Data preprocessing is the first action against the acquired data in the data pool. Since it has a significant impact on accuracy and quality of learning the data by machine, hence it is an essential stage in big data analytics workflow [1]. In fact, social media status text contains lots of noise. It has plenty of unnecessary characters and words such as URL, user mention, illegal character, e.g. ‘&,’ punctuation, and stop word. Therefore, the raw data should be preprocessed to clean those up from outliers and make it standard. We utilize spark SQL and regular expression function to preprocess the data, by referring to our defined stop word dictionary, which is adopted from stop word list website [25,26,27]. Data preprocessing also includes data extraction and parsing such as ‘created_at’ field as the date time posting to get the formatted date time, and ‘coordinates’ field as location precision of status message to get the spatio-temporal information.
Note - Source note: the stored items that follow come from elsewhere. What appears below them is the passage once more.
text \<open>At the end of a tranca minima both open ends are blanks, so all seven blanks lie on
  the board; counting pips, the other three board tiles match the numbers \<open>1..6\<close> in pairs.
  The 126 remaining pips would split as 18 for the winners and 108 for the losers.  With 18 pips
  the winners keep at most five tiles, and five only as \<open>[1,1], [1,2], [1,3], [2,2]\<close> with
  \<open>[1,4]\<close> or \<open>[2,3]\<close>.  So the losers keep at least 13 of their 14 tiles and moved at most
  once.  Every number on the board was an open end at some turn, and since the teams alternate,
  away from the losers' move these ends were passed on by a loser, whose final hand therefore
  misses them.  Hence all numbers \<open>1..6\<close> except those of a single board tile are missing from
  one of the two losing hands, which counting rules out for hands of 7 and 6 tiles without
  blanks; without any losing move, 7 and 7 tiles are ruled out in the same way.\<close>

section \<open>Tiles\<close>

definition nums :: "nat \<times> nat \<Rightarrow> nat set" where
  "nums t = {fst t, snd t}"

definition norm_tile :: "nat \<times> nat \<Rightarrow> tile" where
  "norm_tile t = (min (fst t) (snd t), max (fst t) (snd t))"

definition occurrences :: "nat \<Rightarrow> nat \<times> nat \<Rightarrow> nat" where
  "occurrences x t = (if fst t = x then 1 else 0) + (if snd t = x then 1 else 0)"

abbreviation board_tiles :: "board \<Rightarrow> tile set" where
  "board_tiles B \<equiv> norm_tile ` set B"

lemma nums_Pair [simp]: "nums (a, b) = {a, b}"
  by (simp add: nums_def)

lemma nums_norm_tile [simp]: "nums (norm_tile t) = nums t"
  by (auto simp: nums_def norm_tile_def min_def max_def)

lemma norm_tile_swap: "norm_tile (b, a) = norm_tile (a, b)"
  by (simp add: norm_tile_def min.commute max.commute)

lemma norm_tile_eq_iff: "norm_tile (a, b) = norm_tile (c, d) \<longleftrightarrow> {a, b} = {c, d}"
  by (auto simp: norm_tile_def min_def max_def doubleton_eq_iff split: if_splits)

lemma norm_tile_double_iff: "fst (norm_tile (a, b)) = snd (norm_tile (a, b)) \<longleftrightarrow> a = b"
  by (auto simp: norm_tile_def min_def max_def)

lemma fst_norm_tile_eq_0_iff: "fst (norm_tile (a, b)) = 0 \<longleftrightarrow> a = 0 \<or> b = 0"
  by (auto simp: norm_tile_def min_def)

lemma norm_tile_in_all_tiles: "a \<le> 6 \<Longrightarrow> b \<le> 6 \<Longrightarrow> norm_tile (a, b) \<in> all_tiles"
  by (auto simp: norm_tile_def all_tiles_def)

lemma norm_tile_all_tiles: "t \<in> all_tiles \<Longrightarrow> norm_tile t = t"
  by (cases t) (auto simp: norm_tile_def all_tiles_def)

lemma occurrences_norm_tile [simp]: "occurrences x (norm_tile t) = occurrences x t"
  by (auto simp: occurrences_def norm_tile_def min_def max_def)

lemma pips_norm_tile [simp]: "pips (norm_tile t) = pips t"
  by (auto simp: pips_def norm_tile_def min_def max_def)

lemma occurrences_eq_0_iff: "occurrences x t = 0 \<longleftrightarrow> x \<notin> nums t"
  by (auto simp: occurrences_def nums_def)

lemma all_tiles_explicit:
  "all_tiles = {(0,0),(0,1),(0,2),(0,3),(0,4),(0,5),(0,6),
    (1,1),(1,2),(1,3),(1,4),(1,5),(1,6),(2,2),(2,3),(2,4),(2,5),(2,6),
    (3,3),(3,4),(3,5),(3,6),(4,4),(4,5),(4,6),(5,5),(5,6),(6,6)}"
  (is "_ = ?R")
proof
  show "?R \<subseteq> all_tiles" by (simp add: all_tiles_def)
  show "all_tiles \<subseteq> ?R"
  proof
    fix t assume "t \<in> all_tiles"
    then obtain a b where t: "t = (a, b)" "a \<le> b" "b \<le> (6::nat)" by (auto simp: all_tiles_def)
    then have "b = 0 \<or> b = 1 \<or> b = 2 \<or> b = 3 \<or> b = 4 \<or> b = 5 \<or> b = 6"
      and "a = 0 \<or> a = 1 \<or> a = 2 \<or> a = 3 \<or> a = 4 \<or> a = 5 \<or> a = 6" by linarith+
    then show "t \<in> ?R" using t by (elim disjE) simp_all
  qed
qed

lemma finite_all_tiles: "finite all_tiles"
  by (simp add: all_tiles_explicit)

lemma card_all_tiles: "card all_tiles = 28"
  by (simp add: all_tiles_explicit)

lemma sum_pips_all_tiles: "(\<Sum>t\<in>all_tiles. pips t) = 168"
  by (simp add: all_tiles_explicit pips_def)

lemma sum_occurrences_all_tiles: "x \<le> 6 \<Longrightarrow> (\<Sum>t\<in>all_tiles. occurrences x t) = 8"
proof -
  assume "x \<le> 6"
  then have "x = 0 \<or> x = 1 \<or> x = 2 \<or> x = 3 \<or> x = 4 \<or> x = 5 \<or> x = 6" by linarith
  then show ?thesis by (elim disjE) (simp_all add: all_tiles_explicit occurrences_def)
qed

section \<open>Boards\<close>

fun chain :: "board \<Rightarrow> bool" where
  "chain [] = True"
| "chain [x] = True"
| "chain (x # y # r) \<longleftrightarrow> snd x = fst y \<and> chain (y # r)"

fun joints :: "board \<Rightarrow> nat list" where
  "joints [] = []"
| "joints [x] = []"
| "joints (x # y # r) = snd x # joints (y # r)"

lemma chain_Cons: "chain (t # B) \<longleftrightarrow> chain B \<and> (B \<noteq> [] \<longrightarrow> snd t = fst (hd B))"
  by (cases B) auto

lemma chain_snoc: "chain (B @ [t]) \<longleftrightarrow> chain B \<and> (B \<noteq> [] \<longrightarrow> snd (last B) = fst t)"
  by (induction B rule: chain.induct) auto

lemma length_joints: "B \<noteq> [] \<Longrightarrow> length (joints B) + 1 = length B"
  by (induction B rule: joints.induct) auto

lemma set_joints_subset: "set (joints B) \<subseteq> snd ` set B"
  by (induction B rule: joints.induct) auto

lemma sum_list_occurrences_chain:
  "chain B \<Longrightarrow> B \<noteq> [] \<Longrightarrow> (\<Sum>e\<leftarrow>B. occurrences x e) =
     (if left_end B = x then 1 else 0) + (if right_end B = x then 1 else 0) + 2 * count_list (joints B) x"
  by (induction B rule: joints.induct) (auto simp: occurrences_def left_end_def right_end_def)
lemma toric_orbit_point_near_subdiv_var:
  fixes A :: "(real^'d) set"
  assumes "finite A" "A \<noteq> {}" "\<forall>a\<in>A. 0 < w a" "0 < t"
    and near: "\<And>v. \<exists>c. {a\<in>A. \<forall>b\<in>A. lam b + v \<bullet> b < lam a + v \<bullet> a + \<delta>} \<subseteq> max_face A lam c"
  shows "\<exists>z\<in>subdiv_var A (reg_subdiv A lam) w.
           l1dist A (torus_act A (one_param lam t) (normalize_on A (\<lambda>a. w a * exp (a \<bullet> u)))) z
             \<le> 2 * (sum w A / Min (w ` A)) * exp (- (t * \<delta>))"
proof -
  define v where "v = (1 / t) *\<^sub>R u"
  obtain c where c: "{a\<in>A. \<forall>b\<in>A. lam b + v \<bullet> b < lam a + v \<bullet> a + \<delta>} \<subseteq> max_face A lam c"
    using near by blast
  define F where "F = max_face A lam c"
  have F: "F \<subseteq> A" "F \<noteq> {}"
    unfolding F_def using max_face_subset max_face_nonempty[OF assms(1,2)] by auto
  obtain b where b: "b \<in> max_face A lam v"
    using max_face_nonempty[OF assms(1,2)] by blast
  then have bA: "b \<in> A"
    using max_face_subset by blast
  have "\<forall>x\<in>A. lam x + v \<bullet> x \<le> lam b + v \<bullet> b"
    using b unfolding max_face_def by blast
  with c have gap: "\<forall>a\<in>A - F. lam a + v \<bullet> a + \<delta> \<le> lam b + v \<bullet> b"
    unfolding F_def by (rule gap_outside_near_maximisers[OF _ bA])
  have exponent: "t * lam a + a \<bullet> u = t * (lam a + v \<bullet> a)" for a
    unfolding v_def using assms(4) by (simp add: inner_commute algebra_simps)
  define z where "z = normalize_on F (\<lambda>a. w a * exp (t * lam a + a \<bullet> u))"
  have "z = normalize_on F (\<lambda>a. w a * exp (a \<bullet> (u - t *\<^sub>R c)))"
    unfolding z_def F_def by (rule normalize_on_max_face_shift)
  moreover have "normalize_on F (\<lambda>a. w a * exp (a \<bullet> (u - t *\<^sub>R c))) \<in> toric_var A F w"
    using F assms(3) by (intro normalize_on_in_toric_var[OF assms(1)]) auto
  ultimately have "z \<in> subdiv_var A (reg_subdiv A lam) w"
    unfolding subdiv_var_reg_subdiv[OF assms(1,2)] F_def by blast
  moreover have "l1dist A (normalize_on A (\<lambda>a. w a * exp (t * (lam a + v \<bullet> a))))
      (normalize_on F (\<lambda>a. w a * exp (t * (lam a + v \<bullet> a)))) \<le> 2 * (sum w A / Min (w ` A)) * exp (- (t * \<delta>))"
    using assms(4) by (intro l1dist_normalize_on_exp_le[OF assms(1) F assms(3) _ bA gap]) simp
  then have "l1dist A (torus_act A (one_param lam t) (normalize_on A (\<lambda>a. w a * exp (a \<bullet> u)))) z
      \<le> 2 * (sum w A / Min (w ` A)) * exp (- (t * \<delta>))"
    unfolding torus_act_one_param_normalize_on[OF assms(1-3)] z_def exponent .
  ultimately show ?thesis
    by blast
qed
Furthermore, the preprocessed data is used to feed supervised machine learning for classification. In another hand, we ignore retweet (repost of another user’s post) status message, because, it contains the same information. Thus, it leads to efficient processing. The result of data processing is stored back in data pool as cleaned data.

3.3 Classifier and Summarizer

After the status messages are clean and standard, we separate them into two categories, either they are traffic-related or non-traffic-related. At which point, the acquired data is not necessary has a meaning of traffic problem caused by occurring events, although it contains our defined keywords related to traffic. It could be a news about an accident which affected the traffic. For example, “traffic in linbro park, there has been an accident on the n3 south at the London road exit”, or someone’s position like “I am at London underground,” or even absolutely not related to traffic such as “wanted man appeal issued human trafficking inquiry.” We build a classification model by using logistic regression with stochastic gradient descent, which is available in spark MLlib. First of all, from the data pool, we take sample data to create training data to train the model. It is done by examining the status messages manually to determine its categories. Then labeling each status message by either 1 or 0. Label 1 denotes that it is traffic-related, and label 0 for non-traffic-related. Secondly, we train our model by using the training data. Thirdly, using the trained model, we classify each status message into two categories (0 and 1) iteratively. Finally, we filter out the status messages, which are not related to traffic for further processing. Furthermore, we summarize the data to get the insight by applying several data summaries such as generating buzzword (top mentioned words), counting an hourly number of tweet, and information for map plotting.

3.4 Geo-Extender

In order to plot status message’s distribution in the form of map, we need to get a specific point/area location of traffic-related status messages in the form of earth cartesian coordinate (latitude, longitude). Afterwards, it will ease the user for analysis processes. This phase is done by passing latitude and longitude fields of status messages into google geocode API to get more location information such as postal code, road name, city, etc. Notably, our work uses a postal code in order to plot the location distribution of traffic-related tweet or relevant topic in the form of a map view.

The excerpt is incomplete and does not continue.